His life story is interspersed with reflections on great figures of Western art, and ascerbic commentary on his contemporaries in the effervescent 60s art scene. For example, Albert Tucker was a bore with an ego the size of Uluru, whose paintings become increasingly repititious. The clunky try-hard Orstralian metaphors employed by Hughes make one smile. He knew everybody in the Australian art firmament: Nolan, Olsen, Donald Friend, Fairweather and others. Friends or otherwise.
Hughes’ great-grandfather John was such a pious catholic that he imported the Sisters of the Sacred Heart to Sydney and gave them an estate at Elizabeth Bay. Later he gifted them his waterfront domain at Rose Bay called Kincoppal, to help further education of young women. He says that the nuns devastated the family fortune as imported rabbits had done to graziers.
His privileged upbringing included Jesuit boarding school Riverview with its heady 1950s indoctrination, portrayed in uncanny detail.

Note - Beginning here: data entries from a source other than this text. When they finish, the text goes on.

(* Under the standing setting and assumptions (A1)–(A3) described in the context, assume $\mathcal R(X)\neq\emptyset$ for every $X\in\mathcal X$. Then the following are equivalent: (a) $|\mathcal R(X)|=1$ for every $X\in\mathcal X$; (b) $|\mathcal R(X)|=1$ for every $X\in\partial\mathcal A\cap\partial(\mathcal A+\ker(\pi))$; (c) $\partial\mathcal A\cap\partial(\mathcal A+\ker(\pi))\cap(\partial\mathcal A+(\ker(\pi)\setminus\{0\}))=\emptyset$; (d) $\partial\mathcal A\cap(\partial\mathcal A+(\ker(\pi)\setminus\{0\}))\subset\mathrm{int}(\mathcal A+\ker(\pi))$.
   Context: Let $\mathcal X$ be a Hausdorff, first countable, locally convex topological vector space over $\mathbb R$, partially ordered by a partial order $\geq$ with positive cone $\mathcal X_+=\{X\in\mathcal X: X\geq 0\}$. Let $\mathcal M\subset\mathcal X$ be a vector subspace with $1<\dim\mathcal M<\infty$, carrying the relative topology, and let $\pi:\mathcal M\to\mathbb R$ be linear with $\ker(\pi)=\{Z\in\mathcal M:\pi(Z)=0\}$. Standing assumptions: (A1) there is $U\in\mathcal M\cap\mathcal X_+$ with $\pi(U)=1$; (A2) $\mathcal A\subsetneq\mathcal X$ is closed, contains $0$, and satisfies $\mathcal A+\mathcal X_+\subset\mathcal A$; (A3) the map $\rho(X)=\inf\{\pi(Z): Z\in\mathcal M,\ X+Z\in\mathcal A\}$ is finitely valued and continuous on $\mathcal X$. The optimal payoff map is $\mathcal R(X)=\{Z\in\mathcal M: X+Z\in\mathcal A,\ \pi(Z)=\rho(X)\}$; $|\cdot|$ is cardinality. $\partial$ and $\mathrm{int}$ denote boundary and interior in $\mathcal X$. *)

theory Defs
  imports "HOL-Analysis.Analysis"
begin

text \<open>The type carries a real vector space structure and a topology (t2, first countable);
  the remaining conditions are stated explicitly.\<close>
definition locally_convex_tvs :: "'a::{real_vector, topological_space} itself \<Rightarrow> bool" where
  "locally_convex_tvs _ \<longleftrightarrow>
     continuous_on UNIV (\<lambda>p::'a \<times> 'a. fst p + snd p) \<and>
     continuous_on UNIV (\<lambda>p::real \<times> 'a. fst p *\<^sub>R snd p) \<and>
     (\<forall>W. open W \<and> (0::'a) \<in> W \<longrightarrow> (\<exists>V. open V \<and> convex V \<and> 0 \<in> V \<and> V \<subseteq> W))"

text \<open>A partial order on a real vector space compatible with the linear structure
  (ordered vector space); \<open>ge X Y\<close> means X \<ge> Y.\<close>
definition vector_partial_order :: "('a::real_vector \<Rightarrow> 'a \<Rightarrow> bool) \<Rightarrow> bool" where
  "vector_partial_order ge \<longleftrightarrow>
     (\<forall>x. ge x x) \<and>
     (\<forall>x y. ge x y \<and> ge y x \<longrightarrow> x = y) \<and>
     (\<forall>x y z. ge x y \<and> ge y z \<longrightarrow> ge x z) \<and>
     (\<forall>x y z. ge x y \<longrightarrow> ge (x + z) (y + z)) \<and>
     (\<forall>x y (c::real). ge x y \<and> 0 \<le> c \<longrightarrow> ge (c *\<^sub>R x) (c *\<^sub>R y))"

definition pos_cone :: "('a::real_vector \<Rightarrow> 'a \<Rightarrow> bool) \<Rightarrow> 'a set" where
  "pos_cone ge = {X. ge X 0}"

definition msum :: "'a::plus set \<Rightarrow> 'a set \<Rightarrow> 'a set" where
  "msum A B = {a + b | a b. a \<in> A \<and> b \<in> B}"

definition linear_on :: "'a::real_vector set \<Rightarrow> ('a \<Rightarrow> real) \<Rightarrow> bool" where
  "linear_on M f \<longleftrightarrow>
     (\<forall>x\<in>M. \<forall>y\<in>M. f (x + y) = f x + f y) \<and> (\<forall>c. \<forall>x\<in>M. f (c *\<^sub>R x) = c * f x)"

definition kerM :: "'a::real_vector set \<Rightarrow> ('a \<Rightarrow> real) \<Rightarrow> 'a set" where
  "kerM M p = {Z \<in> M. p Z = 0}"

definition rho :: "'a::real_vector set \<Rightarrow> ('a \<Rightarrow> real) \<Rightarrow> 'a set \<Rightarrow> 'a \<Rightarrow> real" where
  "rho M p A X = Inf {p Z | Z. Z \<in> M \<and> X + Z \<in> A}"

definition optR :: "'a::real_vector set \<Rightarrow> ('a \<Rightarrow> real) \<Rightarrow> 'a set \<Rightarrow> 'a \<Rightarrow> 'a set" where
  "optR M p A X = {Z \<in> M. X + Z \<in> A \<and> p Z = rho M p A X}"

end

theory Submission
  imports Defs
begin

text \<open>Since \<open>U\<close> is an eligible payoff of price one, \<open>\<rho>\<close> is cash-additive along \<open>\<M>\<close>:
  \<open>\<rho>(X + W) = \<rho>(X) - \<pi>(W)\<close>. Hence \<open>\<A> + ker \<pi>\<close> is the sublevel set \<open>{\<rho> \<le> 0}\<close>, its
  interior is \<open>{\<rho> < 0}\<close> and its boundary \<open>{\<rho> = 0}\<close>; and \<open>Z\<close> is an optimal payoff for \<open>X\<close>
  exactly when \<open>X + Z\<close> lies in \<open>\<A>\<close> on the zero level of \<open>\<rho>\<close>. Two distinct optimal payoffs
  \<open>Z\<^sub>1 \<noteq> Z\<^sub>2\<close> for \<open>X\<close> therefore produce the point \<open>X + Z\<^sub>1 = (X + Z\<^sub>2) + (Z\<^sub>1 - Z\<^sub>2)\<close> of
  \<open>\<partial>\<A> \<inter> \<partial>(\<A> + ker \<pi>) \<inter> (\<partial>\<A> + ker \<pi> \<setminus> {0})\<close>, and conversely every such point has the two
  optimal payoffs \<open>0\<close> and \<open>-k\<close>. All four conditions say that this set is empty.\<close>

lemma linear_on_zero:
  assumes "subspace M" "linear_on M p"
  shows "p 0 = 0"
  using assms subspace_0[OF assms(1)] unfolding linear_on_def
  by (metis mult_zero_left scale_zero_left)

lemma linear_on_diff:
  assumes "subspace M" "linear_on M p" "x \<in> M" "y \<in> M"
  shows "p (x - y) = p x - p y"
proof -
  have scale: "\<forall>c. p (c *\<^sub>R y) = c * p y"
    using assms(2,4) unfolding linear_on_def by blast
  have "p (x + (-1) *\<^sub>R y) = p x + p ((-1) *\<^sub>R y)"
    using assms subspace_scale[OF assms(1) assms(4)] unfolding linear_on_def by blast
  also have "\<dots> = p x + (-1) * p y"
    by (simp only: scale)
  finally show ?thesis
    by simp
qed

lemma linear_on_minus:
  assumes "subspace M" "linear_on M p" "x \<in> M"
  shows "p (- x) = - p x"
  using linear_on_diff[OF assms(1,2) subspace_0[OF assms(1)] assms(3)] linear_on_zero[OF assms(1,2)]
  by simp

lemma pos_cone_scaleR:
  assumes "vector_partial_order ge" "v \<in> pos_cone ge" "0 \<le> c"
  shows "c *\<^sub>R v \<in> pos_cone ge"
proof -
  have "ge (c *\<^sub>R v) (c *\<^sub>R 0)"
    using assms unfolding vector_partial_order_def pos_cone_def by blast
  then show ?thesis
    unfolding pos_cone_def by simp
qed

lemma continuous_on_line:
  fixes v :: "'a::{real_vector, topological_space}"
  assumes "locally_convex_tvs TYPE('a)"
  shows "continuous_on UNIV (\<lambda>t::real. X + t *\<^sub>R v)"
proof -
  have add: "continuous_on UNIV (\<lambda>q::'a \<times> 'a. fst q + snd q)"
    and scale: "continuous_on UNIV (\<lambda>q::real \<times> 'a. fst q *\<^sub>R snd q)"
    using assms unfolding locally_convex_tvs_def by blast+
  have "continuous_on UNIV ((\<lambda>q::real \<times> 'a. fst q *\<^sub>R snd q) \<circ> (\<lambda>t. (t, v)))"
    by (rule continuous_on_compose)
      (auto intro!: continuous_on_Pair continuous_on_id continuous_on_const continuous_on_subset[OF scale])
  then have "continuous_on UNIV (\<lambda>t::real. (X, t *\<^sub>R v))"
    by (intro continuous_on_Pair continuous_on_const) (simp add: o_def)
  then have "continuous_on UNIV ((\<lambda>q::'a \<times> 'a. fst q + snd q) \<circ> (\<lambda>t. (X, t *\<^sub>R v)))"
    using continuous_on_subset[OF add] by (rule continuous_on_compose) auto
  then show ?thesis
    by (simp add: o_def)
qed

Hughes managed to recover from it, but no doubt all that God-bothering helped him later to appreciate Italian art with such passion.
After an apprenticeship as newspaper art critic in Sydney he goes off to Italy at the invitation of his mentor Alan Moorehead and so begins that Italian art love affair. Later he re-locates to England and works in Fleet Street. Unfortunately the story ends not longer after he cracks the big job as art critic at Time magazine in New York under Henry Luce.
Hughes must have kept a detailed diary because the memoir is chocka with thoughts, impressions and anecdotes. A rollicking good read, as they say.